Практикум 4

Составление списка гомологичных белков, включающих паралоги

Для выполнения практикума были выбраны протеомы 7 бактерий отдела Pseudomonadota:

Протеомы выбранных бактерий были объединены в один файл с помощью следующей команды:

cat AROAE.fasta BORPE.fasta BURMA.fasta HAEIN.fasta NEIMA.fasta PASMU.fasta ROSDO.fasta > ~/term4/practice4/db.fasta

Файлы с протеомами были взяты из директории /P/y22/term4/Proteomes.
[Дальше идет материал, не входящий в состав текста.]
lemma alpha1_space_gap_space:
  assumes "omega1_type TYPE('i::wellorder)" "tight_gap A (B :: 'i \<Rightarrow> nat set)"
  shows "alpha1_space (gap_space B)"
  unfolding alpha1_space_def topspace_gap_space
proof (intro ballI allI impI)
  fix x and s :: "nat \<Rightarrow> nat \<Rightarrow> enat"
  assume "\<forall>n. range (s n) \<subseteq> UNIV \<and> limitin (gap_space B) (s n) x sequentially"
  then have lim: "limitin (gap_space B) (s n) x sequentially" for n by blast
  show "\<exists>t. range t \<subseteq> UNIV \<and> limitin (gap_space B) t x sequentially \<and>
            (\<forall>n. finite (range (s n) - range t))"
  proof (cases x)
    case (enat m)
    have "finite (range (s n) - range (\<lambda>_. x))" for n
    proof (rule finite_subset)
      show "range (s n) - range (\<lambda>_. x) \<subseteq> s n ` {j. s n j \<noteq> enat m}"
        using enat by auto
      show "finite (s n ` {j. s n j \<noteq> enat m})"
        using lim[of n] enat by (simp add: limitin_gap_space_enat_iff)
    qed
    then show ?thesis by (intro exI[of _ "\<lambda>_. x"]) auto
  next
    case infinity
    define E where "E n = enat -` range (s n)" for n
    have "\<exists>\<alpha>. E n \<subseteq>\<^sup>* A \<alpha>" for n
      using converges_to_inf_range_if_limitin[OF lim[of n, unfolded infinity]]
      unfolding E_def tight_gap_converges_to_inf_iff[OF assms] .
    then obtain a where "E n \<subseteq>\<^sup>* A (a n)" for n by metis
    then obtain \<beta> where \<beta>: "E n \<subseteq>\<^sup>* A \<beta>" for n
      using tight_gap_common_bound[OF assms] by blast
    define E' where "E' = (\<Union>n. E n \<inter> A \<beta>)"
    have "converges_to_inf (gap_space B) E'"
      unfolding tight_gap_converges_to_inf_iff[OF assms] E'_def
      by (blast intro: subset_imp_almost_subset)
    then have "limitin (gap_space B) (set_seq E') x sequentially"
      using infinity by (simp add: converges_to_inf_iff_limitin_set_seq)
    moreover have "range (s n) - range (set_seq E') \<subseteq> insert \<infinity> (enat ` (E n - A \<beta>))" for n
    proof
      fix y assume y: "y \<in> range (s n) - range (set_seq E')"
      show "y \<in> insert \<infinity> (enat ` (E n - A \<beta>))"
      proof (cases y)
        case (enat k)
        then have "k \<in> E n" using y unfolding E_def by auto
        moreover have "set_seq E' k \<noteq> y" using y by blast
        ultimately show ?thesis using enat unfolding E'_def set_seq_def by (auto split: if_split_asm)
      qed simp
    qed
    moreover have "finite (insert \<infinity> (enat ` (E n - A \<beta>)))" for n
      using \<beta> unfolding almost_subset_def by simp
    ultimately show ?thesis by (meson finite_subset subset_UNIV)
  qed
qed
(* Let $s\in\mathbb N$, $n\in\mathbb N_0$, $0\le j\le n/2$ and $1\le\ell\le a^d_{n-2j}$. Then: (1) for $0\le k\le\lceil s/2\rceil-1$, $\Delta^kQ^{-s,n}_{j,\ell}(\xi)=\delta_{j,k}Y^{n-2j}_\ell(\xi)$ for all $\xi\in\mathbb S^{d-1}$; (2) if $s$ is even, $\Delta^{\lfloor s/2\rfloor}Q^{-s,n}_{j,\ell}(x)=2^s(n+\tfrac d2-s)_s\,P^{0,n-s}_{j-s/2,\ell}(x)$; (3) if $s$ is odd, $\Delta^{\lfloor s/2\rfloor}Q^{-s,n}_{j,\ell}(x)=2^{s-1}(n+\tfrac d2-s+1)_{s-1}P^{-1,n-s+1}_{j-\frac{s-1}2,\ell}(x)$ for $j\ne\lfloor s/2\rfloor$, and $\Delta^{\lfloor s/2\rfloor}Q^{-s,n}_{\lfloor s/2\rfloor,\ell}(x)=Y^{n-2\lfloor s/2\rfloor}_\ell(x)=P^{-1,n-s+1}_{0,\ell}(x)$.
   Context: $\mathbb S^{d-1}$ is the unit sphere, $\langle f,g\rangle_{\mathbb S^{d-1}}=\frac1{\omega_d}\int fg\,d\sigma$. $(a)_0=1$, $(a)_m=a(a+1)\cdots(a+m-1)$. $\mathcal H^d_m$: homogeneous harmonic polynomials of degree $m$ in $d$ variables, $a^d_m=\dim\mathcal H^d_m$, $\{Y^m_\ell\}_{\ell=1}^{a^d_m}$ a basis orthonormal for $\langle\cdot,\cdot\rangle_{\mathbb S^{d-1}}$. Generalized Jacobi polynomials: for $\alpha,\beta\in\mathbb R$, $j\in\mathbb N_0$, let $j_0=-j-\alpha-\beta$ if this number lies in $\{1,\dots,j\}$ and $j_0=0$ otherwise; $\widehat P^{(\alpha,\beta)}_j(t)=\sum_{k=j_0}^j\frac{(k+\alpha+1)_{j-k}}{(j-k)!\,k!\,(j+\alpha+\beta+k+1)_{j-k}}\big(\frac{t-1}2\big)^k$. For $\mu\in\mathbb R$, $0\le j\le n/2$, $1\le\ell\le a^d_{n-2j}$: $P^{\mu,n}_{j,\ell}(x)=(n-j+\tfrac d2)_j\,\widehat P^{(\mu,n-2j+\frac d2-1)}_j(2\|x\|^2-1)\,Y^{n-2j}_\ell(x)$, and $P^{\mu,n}_{j,\ell}:=0$ if $j<0$ or $j>n/2$. For $m,j\in\mathbb N_0$ let $(c_i^{m,j})_{0\le i\le j}$ be the unique solution of $4^k\sum_{i=k}^j(-i)_k(-k)_{i-k}\frac{(m+d/2)_k}{(m+d/2)_{i-k}}c_i=\delta_{k,j}$, $0\le k\le j$, and $Y^{m,j}_\ell(x)=\sum_{i=0}^jc^{m,j}_i(1-\|x\|^2)^iY^m_\ell(x)$. Define $Q^{-s,n}_{j,\ell}$: if $j\ge s$, $Q^{-s,n}_{j,\ell}=P^{-s,n}_{j,\ell}$; if $\lceil s/2\rceil\le j\le s-1$, $Q^{-s,n}_{j,\ell}=P^{-s,n}_{j,\ell}-\sum_{k=0}^{\lceil s/2\rceil-1}\gamma_kY^{n-2j,k}_\ell$, where $\gamma_k$ is the constant with $\Delta^kP^{-s,n}_{j,\ell}(\xi)=\gamma_kY^{n-2j}_\ell(\xi)$ for all $\xi\in\mathbb S^{d-1}$ (note $\Delta^kP^{-s,n}_{j,\ell}(x)=q(\|x\|^2)Y^{n-2j}_\ell(x)$ for a univariate polynomial $q$, and $\gamma_k=q(1)$); if $0\le j\le\lceil s/2\rceil-1$, $Q^{-s,n}_{j,\ell}=Y^{n-2j,j}_\ell$. *)

theory Defs
  imports "HOL-Analysis.Analysis"
begin

text \<open>Ambient space R^d is modelled by a Euclidean space 'a with d = DIM('a).\<close>

definition monomial :: "('a::euclidean_space \<Rightarrow> nat) \<Rightarrow> 'a \<Rightarrow> real" where
  "monomial \<alpha> x = (\<Prod>b\<in>Basis. (x \<bullet> b) ^ \<alpha> b)"

definition homog_poly :: "nat \<Rightarrow> ('a::euclidean_space \<Rightarrow> real) \<Rightarrow> bool" where
  "homog_poly m f \<longleftrightarrow> (\<exists>A c. finite A \<and> (\<forall>\<alpha>\<in>A. (\<Sum>b\<in>Basis. \<alpha> b) = m) \<and>
      f = (\<lambda>x. \<Sum>\<alpha>\<in>A. c \<alpha> * monomial \<alpha> x))"

definition laplacian :: "('a::euclidean_space \<Rightarrow> real) \<Rightarrow> 'a \<Rightarrow> real" where
  "laplacian f x = (\<Sum>b\<in>Basis. deriv (deriv (\<lambda>t. f (x + t *\<^sub>R b))) 0)"

definition harmonic_space :: "nat \<Rightarrow> ('a::euclidean_space \<Rightarrow> real) set" where
  "harmonic_space m = {f. homog_poly m f \<and> laplacian f = (\<lambda>_. 0)}"

text \<open>Normalised sphere inner product (1/omega_d) int_S f g d sigma, via the cone measure:
  int_S h d sigma / omega_d = (1/vol B) int_B h(x/|x|) dx.\<close>
definition sph_inner :: "('a::euclidean_space \<Rightarrow> real) \<Rightarrow> ('a \<Rightarrow> real) \<Rightarrow> real" where
  "sph_inner f g = integral (ball 0 1) (\<lambda>x. f (x /\<^sub>R norm x) * g (x /\<^sub>R norm x))
      / measure lebesgue (ball (0::'a) 1)"

text \<open>For each m, Y m 1, ..., Y m (N m) is an orthonormal basis of H_m (so N m = a^d_m).\<close>
definition orthonormal_harmonic_basis ::
    "(nat \<Rightarrow> nat) \<Rightarrow> (nat \<Rightarrow> nat \<Rightarrow> 'a::euclidean_space \<Rightarrow> real) \<Rightarrow> bool" where
  "orthonormal_harmonic_basis N Y \<longleftrightarrow> (\<forall>m.
     (\<forall>l\<in>{1..N m}. Y m l \<in> harmonic_space m) \<and>
     (\<forall>l\<in>{1..N m}. \<forall>l'\<in>{1..N m}. sph_inner (Y m l) (Y m l') = (if l = l' then 1 else 0)) \<and>
     (\<forall>f\<in>harmonic_space m. \<exists>c. f = (\<lambda>x. \<Sum>l=1..N m. c l * Y m l x)))"

definition jac_hat :: "real \<Rightarrow> real \<Rightarrow> nat \<Rightarrow> real \<Rightarrow> real" where
  "jac_hat \<alpha> \<beta> j t =
    (let v = - real j - \<alpha> - \<beta>;
         j0 = (if \<exists>i\<in>{1..j}. v = real i then nat \<lfloor>v\<rfloor> else 0)
     in \<Sum>k=j0..j. pochhammer (real k + \<alpha> + 1) (j - k)
          / (fact (j - k) * fact k * pochhammer (real j + \<alpha> + \<beta> + real k + 1) (j - k))
          * ((t - 1) / 2) ^ k)"

definition genP :: "(nat \<Rightarrow> nat \<Rightarrow> 'a::euclidean_space \<Rightarrow> real) \<Rightarrow> real \<Rightarrow> int \<Rightarrow> int \<Rightarrow> nat \<Rightarrow> 'a \<Rightarrow> real" where
  "genP Y \<mu> n j l x =
    (if 0 \<le> j \<and> 2 * j \<le> n then
       pochhammer (real_of_int (n - j) + real DIM('a) / 2) (nat j)
       * jac_hat \<mu> (real_of_int (n - 2 * j) + real DIM('a) / 2 - 1) (nat j) (2 * norm x ^ 2 - 1)
       * Y (nat (n - 2 * j)) l x
     else 0)"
Затем была создана локальная база данных для дальнейшего запуска BLASTP:

makeblastdb -in db.fasta -dbtype prot

Далее на основе созданной базы данных был произведён поиск гомологов белка CLPX_ECOLI с порогом Е-value, равным 0,0001:

blastp -task blastp -query CLPX_ECOLI.fasta -db db.fasta -out blast_result.out -evalue 0.0001

Рис. 1. Список находок для CLPX_ECOLI из выдачи BLASTP (без заголовка выдачи и выравниваний).

Реконструкция и визуализация

Дерево было реконструировано с помощью программы FastME по модели p-distance.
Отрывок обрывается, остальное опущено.